(* Let $v$ and $\tilde v$ be quadratic vector fields on $\mathbb{C}^2$, each having exactly four singular points in $\mathbb{C}^2$, all of them non-degenerate. If $v$ and $\tilde v$ have the same spectra of singularities, then there is an affine map $T$ of $\mathbb{C}^2$ such that the transform $T_*\tilde v$ either equals $v$ or is a twin vector field of $v$. Moreover, there is a nonempty Zariski-open subset $U$ of the space $\mathcal{A}_2$ of quadratic vector fields such that every $v\in U$ has exactly one twin vector field.
   Context: A quadratic vector field on $\mathbb{C}^2$ is $v=P\,\partial_x+Q\,\partial_y$ with $P,Q\in\mathbb{C}[x,y]$ of degree at most $2$; $\mathcal{A}_2$ denotes the (12-dimensional) vector space of these. A singular point is a common zero $p$ of $P,Q$. It is non-degenerate if $\det Dv(p)\neq 0$, where $Dv(p)=\begin{pmatrix}P_x&P_y\\Q_x&Q_y\end{pmatrix}(p)$. The spectrum of $v$ at $p$ is the ordered pair $(\operatorname{tr}Dv(p),\det Dv(p))$. Two such vector fields have the same spectra of singularities if the multisets $\{(\operatorname{tr}Dv(p),\det Dv(p)) : p\in \mathrm{Sing}(v)\}$ coincide, where positions of the singular points are not taken into account. For an affine map $T$ of $\mathbb{C}^2$, $T_*v(x,y)=DT\cdot v(T^{-1}(x,y))$. Two vector fields are affine equivalent if one is $T_*$ of the other for some affine $T$. Two vector fields $v_1,v_2$ with isolated singularities are twin vector fields if $v_1\neq v_2$, they have exactly the same singular set, and for each common singular point $p$ the matrices $Dv_1(p)$ and $Dv_2(p)$ have the same trace and determinant. *)

theory Defs
  imports "HOL-Analysis.Analysis" "HOL-Library.Multiset"
begin

text \<open>The space A_2 of quadratic vector fields v = P d/dx + Q d/dy on C^2 is identified
with C^12 via the coefficients:
  P(x,y) = v0 + v1 x + v2 y + v3 x^2 + v4 x y + v5 y^2,
  Q(x,y) = v6 + v7 x + v8 y + v9 x^2 + v10 x y + v11 y^2.\<close>

type_synonym qvf = "complex ^ 12"

definition Pv :: "qvf \<Rightarrow> complex \<Rightarrow> complex \<Rightarrow> complex" where
  "Pv v x y = v$0 + v$1 * x + v$2 * y + v$3 * x^2 + v$4 * x * y + v$5 * y^2"

definition Qv :: "qvf \<Rightarrow> complex \<Rightarrow> complex \<Rightarrow> complex" where
  "Qv v x y = v$6 + v$7 * x + v$8 * y + v$9 * x^2 + v$10 * x * y + v$11 * y^2"

definition vf :: "qvf \<Rightarrow> complex \<times> complex \<Rightarrow> complex \<times> complex" where
  "vf v z = (Pv v (fst z) (snd z), Qv v (fst z) (snd z))"

definition Px :: "qvf \<Rightarrow> complex \<Rightarrow> complex \<Rightarrow> complex" where
  "Px v x y = v$1 + 2 * v$3 * x + v$4 * y"
definition Py :: "qvf \<Rightarrow> complex \<Rightarrow> complex \<Rightarrow> complex" where
  "Py v x y = v$2 + v$4 * x + 2 * v$5 * y"
definition Qx :: "qvf \<Rightarrow> complex \<Rightarrow> complex \<Rightarrow> complex" where
  "Qx v x y = v$7 + 2 * v$9 * x + v$10 * y"
definition Qy :: "qvf \<Rightarrow> complex \<Rightarrow> complex \<Rightarrow> complex" where
  "Qy v x y = v$8 + v$10 * x + 2 * v$11 * y"

definition trD :: "qvf \<Rightarrow> complex \<times> complex \<Rightarrow> complex" where
  "trD v p = Px v (fst p) (snd p) + Qy v (fst p) (snd p)"

definition detD :: "qvf \<Rightarrow> complex \<times> complex \<Rightarrow> complex" where
  "detD v p = Px v (fst p) (snd p) * Qy v (fst p) (snd p) - Py v (fst p) (snd p) * Qx v (fst p) (snd p)"

definition Sing :: "qvf \<Rightarrow> (complex \<times> complex) set" where
  "Sing v = {p. Pv v (fst p) (snd p) = 0 \<and> Qv v (fst p) (snd p) = 0}"

definition nondegenerate_sing :: "qvf \<Rightarrow> complex \<times> complex \<Rightarrow> bool" where
  "nondegenerate_sing v p \<longleftrightarrow> p \<in> Sing v \<and> detD v p \<noteq> 0"

definition spectra :: "qvf \<Rightarrow> (complex \<times> complex) multiset" where
  "spectra v = image_mset (\<lambda>p. (trD v p, detD v p)) (mset_set (Sing v))"

definition isolated_sings :: "qvf \<Rightarrow> bool" where
  "isolated_sings v \<longleftrightarrow> (\<forall>p\<in>Sing v. \<not> p islimpt Sing v)"

definition twin :: "qvf \<Rightarrow> qvf \<Rightarrow> bool" where
  "twin v1 v2 \<longleftrightarrow> isolated_sings v1 \<and> isolated_sings v2 \<and> v1 \<noteq> v2 \<and>
     Sing v1 = Sing v2 \<and>
     (\<forall>p\<in>Sing v1. trD v1 p = trD v2 p \<and> detD v1 p = detD v2 p)"

definition lin2 :: "complex \<Rightarrow> complex \<Rightarrow> complex \<Rightarrow> complex \<Rightarrow> complex \<times> complex \<Rightarrow> complex \<times> complex" where
  "lin2 a b c d z = (a * fst z + b * snd z, c * fst z + d * snd z)"

definition aff2 :: "complex \<Rightarrow> complex \<Rightarrow> complex \<Rightarrow> complex \<Rightarrow> complex \<Rightarrow> complex \<Rightarrow> complex \<times> complex \<Rightarrow> complex \<times> complex" where
  "aff2 a b c d e f z = (a * fst z + b * snd z + e, c * fst z + d * snd z + f)"

definition pushfwd :: "complex \<Rightarrow> complex \<Rightarrow> complex \<Rightarrow> complex \<Rightarrow> complex \<Rightarrow> complex \<Rightarrow> qvf \<Rightarrow> complex \<times> complex \<Rightarrow> complex \<times> complex" where
  "pushfwd a b c d e f v z = lin2 a b c d (vf v (inv (aff2 a b c d e f) z))"

inductive_set poly_fun :: "(qvf \<Rightarrow> complex) set" where
  pf_const: "(\<lambda>_. c) \<in> poly_fun"
| pf_coord: "(\<lambda>v. v $ i) \<in> poly_fun"
| pf_add: "f \<in> poly_fun \<Longrightarrow> g \<in> poly_fun \<Longrightarrow> (\<lambda>v. f v + g v) \<in> poly_fun"
| pf_mult: "f \<in> poly_fun \<Longrightarrow> g \<in> poly_fun \<Longrightarrow> (\<lambda>v. f v * g v) \<in> poly_fun"

definition zariski_open :: "qvf set \<Rightarrow> bool" where
  "zariski_open U \<longleftrightarrow> (\<exists>F \<subseteq> poly_fun. U = - {v. \<forall>f\<in>F. f v = 0})"

end

theory Submission
  imports Defs "HOL-Computational_Algebra.Fundamental_Theorem_Algebra"
begin

text \<open>The singular points \<open>p1, \<dots>, p4\<close> of a quadratic field with finitely many zeros are in general
  position, so both components of the field lie in the pencil of conics through them, spanned by the
  line pairs \<open>p1p2 \<cdot> p3p4\<close> and \<open>p1p3 \<cdot> p2p4\<close>. Hence \<open>det Dv(pi)\<close> is, up to sign and a factor independent of \<open>i\<close>, the
  product of the areas of the three triangles of the configuration with vertex \<open>pi\<close>; so equal spectra
  force equal area ratios, and the affine map carrying three of the points onto their partners carries
  the fourth as well.
  Conversely a twin \<open>u\<close> of \<open>v\<close> lies in the same pencil, so \<open>(Pu, Qu) = M (Pv, Qv)\<close> for a constant
  matrix \<open>M\<close>. Equal traces at three of the points make \<open>M - I\<close> a multiple of a fixed cofactor vector,
  and \<open>det M = 1\<close> then leaves exactly one solution \<open>M \<noteq> I\<close>.\<close>

section \<open>Quadratic polynomials in two variables\<close>

type_synonym pt = "complex \<times> complex"

datatype quad = Quad (cst: complex) (cx: complex) (cy: complex) (cxx: complex) (cxy: complex) (cyy: complex)

definition qeval :: "quad \<Rightarrow> pt \<Rightarrow> complex" where
  "qeval c z = cst c + cx c * fst z + cy c * snd z + cxx c * (fst z)\<^sup>2 + cxy c * fst z * snd z + cyy c * (snd z)\<^sup>2"

definition qdx :: "quad \<Rightarrow> pt \<Rightarrow> complex" where
  "qdx c z = cx c + 2 * cxx c * fst z + cxy c * snd z"

definition qdy :: "quad \<Rightarrow> pt \<Rightarrow> complex" where
  "qdy c z = cy c + cxy c * fst z + 2 * cyy c * snd z"

definition jac :: "quad \<Rightarrow> quad \<Rightarrow> pt \<Rightarrow> complex" where
  "jac c d z = qdx c z * qdy d z - qdy c z * qdx d z"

********************

• _Task to complete_: When the string "Defs" appears in a line of the records above, that line is to be copied.

• _Response below_:
theory Defs
  imports Defs "HOL-Computational_Algebra.Fundamental_Theorem_Algebra"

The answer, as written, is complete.